5 year old tract home in S Cal - getting ready to paint. I have a number of metal corner beads that have cracked - I guess they should have taped the joint or used more fasteners?

What is the best way to fix this short of tearing them off and starting over? I have a Bostich stapler that will shoot 1 1/2" narrow crown staples - I was thinking staple it down, re coat with some joint compound and then try to match the texture.

Here is a picture - the orange cylinder is a magnet.


----------



## Git (Mar 11, 2008)

anyone?


----------



## AtlanticWBConst. (May 12, 2006)

The corner bead is most likely vinyl bullnose.

To repair:

1.) Scrape loose coating off.

2.) Apply mesh tape.

3.) Mix up quick set compound (bag) - Use a 90 minute to allow you more time to work with it.

4.) Coat.

5.) When dry, scrape or lightly sand any rough areas.

6.) Repeat process.

7.) Finish with ready mix (bucket).

8.) Allow to dry and sand smooth - Use a drywall sanding sponge.

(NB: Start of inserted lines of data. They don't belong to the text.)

lemma stalk_mult_germ:
  assumes U: "spec_open A U" "p \<in> U"
    and a: "a \<in> car" "t \<in> S_of A U" and b: "b \<in> car" "r \<in> S_of A U"
  shows "pr_mult (stalk A p) (germ A p U (loc_cls A (S_of A U) a t)) (germ A p U (loc_cls A (S_of A U) b r))
       = germ A p U (loc_cls A (S_of A U) (a \<cdot> b) (t \<cdot> r))"
  unfolding stalk_def pring.simps
proof (rule some_equality)
  show "\<exists>W x y. (W, x) \<in> germ A p U (loc_cls A (S_of A U) a t) \<and> (W, y) \<in> germ A p U (loc_cls A (S_of A U) b r) \<and>
      germ A p U (loc_cls A (S_of A U) (a \<cdot> b) (t \<cdot> r)) = germ A p W (pr_mult (presh A W) x y)"
    using germ_cls_self[OF U a] germ_cls_self[OF U b]
      loc_mult_cls[OF mult_subset_S_of_open[OF U(1)] a b] unfolding presh_def by metis
next
  fix k assume "\<exists>W x y. (W, x) \<in> germ A p U (loc_cls A (S_of A U) a t) \<and>
      (W, y) \<in> germ A p U (loc_cls A (S_of A U) b r) \<and> k = germ A p W (pr_mult (presh A W) x y)"
  then obtain W x y where x: "(W, x) \<in> germ A p U (loc_cls A (S_of A U) a t)"
      and y: "(W, y) \<in> germ A p U (loc_cls A (S_of A U) b r)"
      and k: "k = germ A p W (pr_mult (presh A W) x y)"
    by blast
  note W = germ_memD(1,2)[OF x]
  obtain a' t' where a': "a' \<in> car" "t' \<in> S_of A W" "x = loc_cls A (S_of A W) a' t'"
    using presh_quotientE[OF W(1) germ_memD(3)[OF x]] by metis
  obtain b' r' where b': "b' \<in> car" "r' \<in> S_of A W" "y = loc_cls A (S_of A W) b' r'"
    using presh_quotientE[OF W(1) germ_memD(3)[OF y]] by metis
  have "k = germ A p W (loc_cls A (S_of A W) (a' \<cdot> b') (t' \<cdot> r'))"
    using k loc_mult_cls[OF mult_subset_S_of_open[OF W(1)] a'(1,2) b'(1,2)]
    unfolding a'(3) b'(3) presh_def by simp
  then show "k = germ A p U (loc_cls A (S_of A U) (a \<cdot> b) (t \<cdot> r))"
    using germ_mult_cong[OF U W a a'(1,2) b b'(1,2)] germ_memD(4)[OF x] germ_memD(4)[OF y]
    unfolding a'(3) b'(3) by simp
qed

context
  fixes p U a t b r u
  assumes U: "spec_open A U" "p \<in> U"
    and a: "a \<in> car" "t \<in> S_of A U" and b: "b \<in> car" "r \<in> S_of A U" and u: "u \<in> S_of A U"
    and sm: "(u \<cdot> (r \<cdot> a), u \<cdot> (t \<cdot> b)) \<in> summ"
begin

lemma stalk_summ_germ:
  "(germ A p U (loc_cls A (S_of A U) a t), germ A p U (loc_cls A (S_of A U) b r)) \<in> pr_summ (stalk A p)"
  unfolding stalk_def pring.simps presh_def
  using germ_cls_in_stalk[OF U a] germ_cls_in_stalk[OF U b] germ_cls_self[OF U a] germ_cls_self[OF U b]
    loc_summ_cls[OF mult_subset_S_of_open[OF U(1)] a b u sm] by blast

lemma stalk_add_germ:
  "pr_add (stalk A p) (germ A p U (loc_cls A (S_of A U) a t)) (germ A p U (loc_cls A (S_of A U) b r))
     = germ A p U (loc_cls A (S_of A U) (u \<cdot> (r \<cdot> a) \<oplus> u \<cdot> (t \<cdot> b)) (u \<cdot> (t \<cdot> r)))"
  unfolding stalk_def pring.simps
proof (rule some_equality)
  show "\<exists>W x y. (W, x) \<in> germ A p U (loc_cls A (S_of A U) a t) \<and> (W, y) \<in> germ A p U (loc_cls A (S_of A U) b r) \<and>
      (x, y) \<in> pr_summ (presh A W) \<and>
      germ A p U (loc_cls A (S_of A U) (u \<cdot> (r \<cdot> a) \<oplus> u \<cdot> (t \<cdot> b)) (u \<cdot> (t \<cdot> r))) =
      germ A p W (pr_add (presh A W) x y)"
    using germ_cls_self[OF U a] germ_cls_self[OF U b]
      loc_summ_cls[OF mult_subset_S_of_open[OF U(1)] a b u sm]
      loc_add_cls[OF mult_subset_S_of_open[OF U(1)] a b u sm] unfolding presh_def by metis
next
  fix k assume "\<exists>W x y. (W, x) \<in> germ A p U (loc_cls A (S_of A U) a t) \<and>
      (W, y) \<in> germ A p U (loc_cls A (S_of A U) b r) \<and> (x, y) \<in> pr_summ (presh A W) \<and>
      k = germ A p W (pr_add (presh A W) x y)"
  then obtain W x y where x: "(W, x) \<in> germ A p U (loc_cls A (S_of A U) a t)"
      and y: "(W, y) \<in> germ A p U (loc_cls A (S_of A U) b r)"
      and xy: "(x, y) \<in> pr_summ (loc A (S_of A W))"
      and k: "k = germ A p W (pr_add (loc A (S_of A W)) x y)"
    unfolding presh_def by blast
  note W = germ_memD(1,2)[OF x]
  have W_mult: "mult_subset (S_of A W)"
    using mult_subset_S_of_open[OF W(1)] .
  obtain a' t' b' r' u' where "x \<in> (car \<times> S_of A W) // loc_rel A (S_of A W)"
      "y \<in> (car \<times> S_of A W) // loc_rel A (S_of A W)" "(a', t') \<in> x" "(b', r') \<in> y"
      and u': "u' \<in> S_of A W" and sm': "(u' \<cdot> (r' \<cdot> a'), u' \<cdot> (t' \<cdot> b')) \<in> summ"
    using xy unfolding loc_def pring.simps by blast
  then have a': "a' \<in> car" "t' \<in> S_of A W" "x = loc_cls A (S_of A W) a' t'"
    and b': "b' \<in> car" "r' \<in> S_of A W" "y = loc_cls A (S_of A W) b' r'"
    using loc_quotient_mem[OF W_mult] by blast+
  have "k = germ A p W (loc_cls A (S_of A W) (u' \<cdot> (r' \<cdot> a') \<oplus> u' \<cdot> (t' \<cdot> b')) (u' \<cdot> (t' \<cdot> r')))"
    using k loc_add_cls[OF W_mult a'(1,2) b'(1,2) u' sm'] unfolding a'(3) b'(3) by simp
  then show "k = germ A p U (loc_cls A (S_of A U) (u \<cdot> (r \<cdot> a) \<oplus> u \<cdot> (t \<cdot> b)) (u \<cdot> (t \<cdot> r)))"
    using germ_add_cong[OF U W a a'(1,2) b b'(1,2) _ _ u u' sm sm'] germ_memD(4)[OF x] germ_memD(4)[OF y]
    unfolding a'(3) b'(3) by simp
qed

end

end

section \<open>Prime ideals avoiding a multiplicative subset\<close>

context partial_ring_ctx
begin

lemma ideal_subset_carrier: "pr_ideal A M \<Longrightarrow> M \<subseteq> car"
  and ideal_zero: "pr_ideal A M \<Longrightarrow> \<zero> \<in> M"
  and ideal_add: "pr_ideal A M \<Longrightarrow> x \<in> M \<Longrightarrow> y \<in> M \<Longrightarrow> (x, y) \<in> summ \<Longrightarrow> x \<oplus> y \<in> M"
  and ideal_mult_left: "pr_ideal A M \<Longrightarrow> m \<in> M \<Longrightarrow> x \<in> car \<Longrightarrow> x \<cdot> m \<in> M"
  unfolding pr_ideal_def by auto

lemma ideal_mult_right: "pr_ideal A M \<Longrightarrow> m \<in> M \<Longrightarrow> x \<in> car \<Longrightarrow> m \<cdot> x \<in> M"
  using ideal_mult_left ideal_subset_carrier mult_comm by (metis subsetD)

lemma pr_ideal_equalizer:
  assumes "x \<in> car" "y \<in> car"
  shows "pr_ideal A {u \<in> car. u \<cdot> x = u \<cdot> y}"
  unfolding pr_ideal_def
proof (intro conjI ballI impI)
  fix u v assume "u \<in> {u \<in> car. u \<cdot> x = u \<cdot> y}" "v \<in> {u \<in> car. u \<cdot> x = u \<cdot> y}" "(u, v) \<in> summ"
  then show "u \<oplus> v \<in> {u \<in> car. u \<cdot> x = u \<cdot> y}"
    using distrib_right[of u v x] distrib_right[of u v y] assms by auto
next
  fix u c assume "u \<in> {u \<in> car. u \<cdot> x = u \<cdot> y}" "c \<in> car"
  then show "c \<cdot> u \<in> {u \<in> car. u \<cdot> x = u \<cdot> y}"
    using assms by (auto simp: mult_assoc)
qed (use assms in auto)

text \<open>The ideal \<open>M + (a)\<close>: sums exist only for summable pairs, so it is generated inductively
  rather than written as \<open>{m + x a}\<close>.\<close>

inductive_set ideal_ext :: "'a set \<Rightarrow> 'a \<Rightarrow> 'a set" for M a where
  base: "m \<in> M \<Longrightarrow> m \<in> ideal_ext M a"
| gen: "x \<in> car \<Longrightarrow> x \<cdot> a \<in> ideal_ext M a"
| add: "x \<in> ideal_ext M a \<Longrightarrow> y \<in> ideal_ext M a \<Longrightarrow> (x, y) \<in> summ \<Longrightarrow> x \<oplus> y \<in> ideal_ext M a"
| mult: "x \<in> ideal_ext M a \<Longrightarrow> c \<in> car \<Longrightarrow> c \<cdot> x \<in> ideal_ext M a"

9.) Apply orange peel texture over area. Spray in a random pattern while blending (or feathering) the edges. Think of an air-brush paint gun, and operate the can the same way.

10.) Allow arange peel to dry: VERY lightly sand off any lumps, or balls of spray....prime and paint.

Good Luck - FWIW: We fix these all the time. Large 700 unit apartment complexes with similar issues that come from people smacking the corners while moving furniture, or what have you.


----------



## Git (Mar 11, 2008)

Sounds like a plan - I really appreciate it

Thanks


----------



## Nestor_Kelebay (Jun 17, 2008)

Git:

If it wuz me, I'd be most inclined to wait for the corner bead to crack on both sides and over it's entire length and replace those darn metal corner beads with vinyl corner beads:

http://www.trim-tex.com/catalog/cbeads.htm

Vinyl corner beads have the advantage that you can pry up either side, brush a little white wood glue under the flanges, allow them to snap back into shape and time for the glue to harden. They're very much easier to repair than metal corner bead.

Once you bend metal corner bead, it's toast. Vinyl corner bead will snap back to it's original shape after being bent.


----------



## n0c7 (May 15, 2008)

AtlanticWBConst. said:


> The corner bead is most likely vinyl bullnose.


Would a magnet stick to it then? :laughing:


----------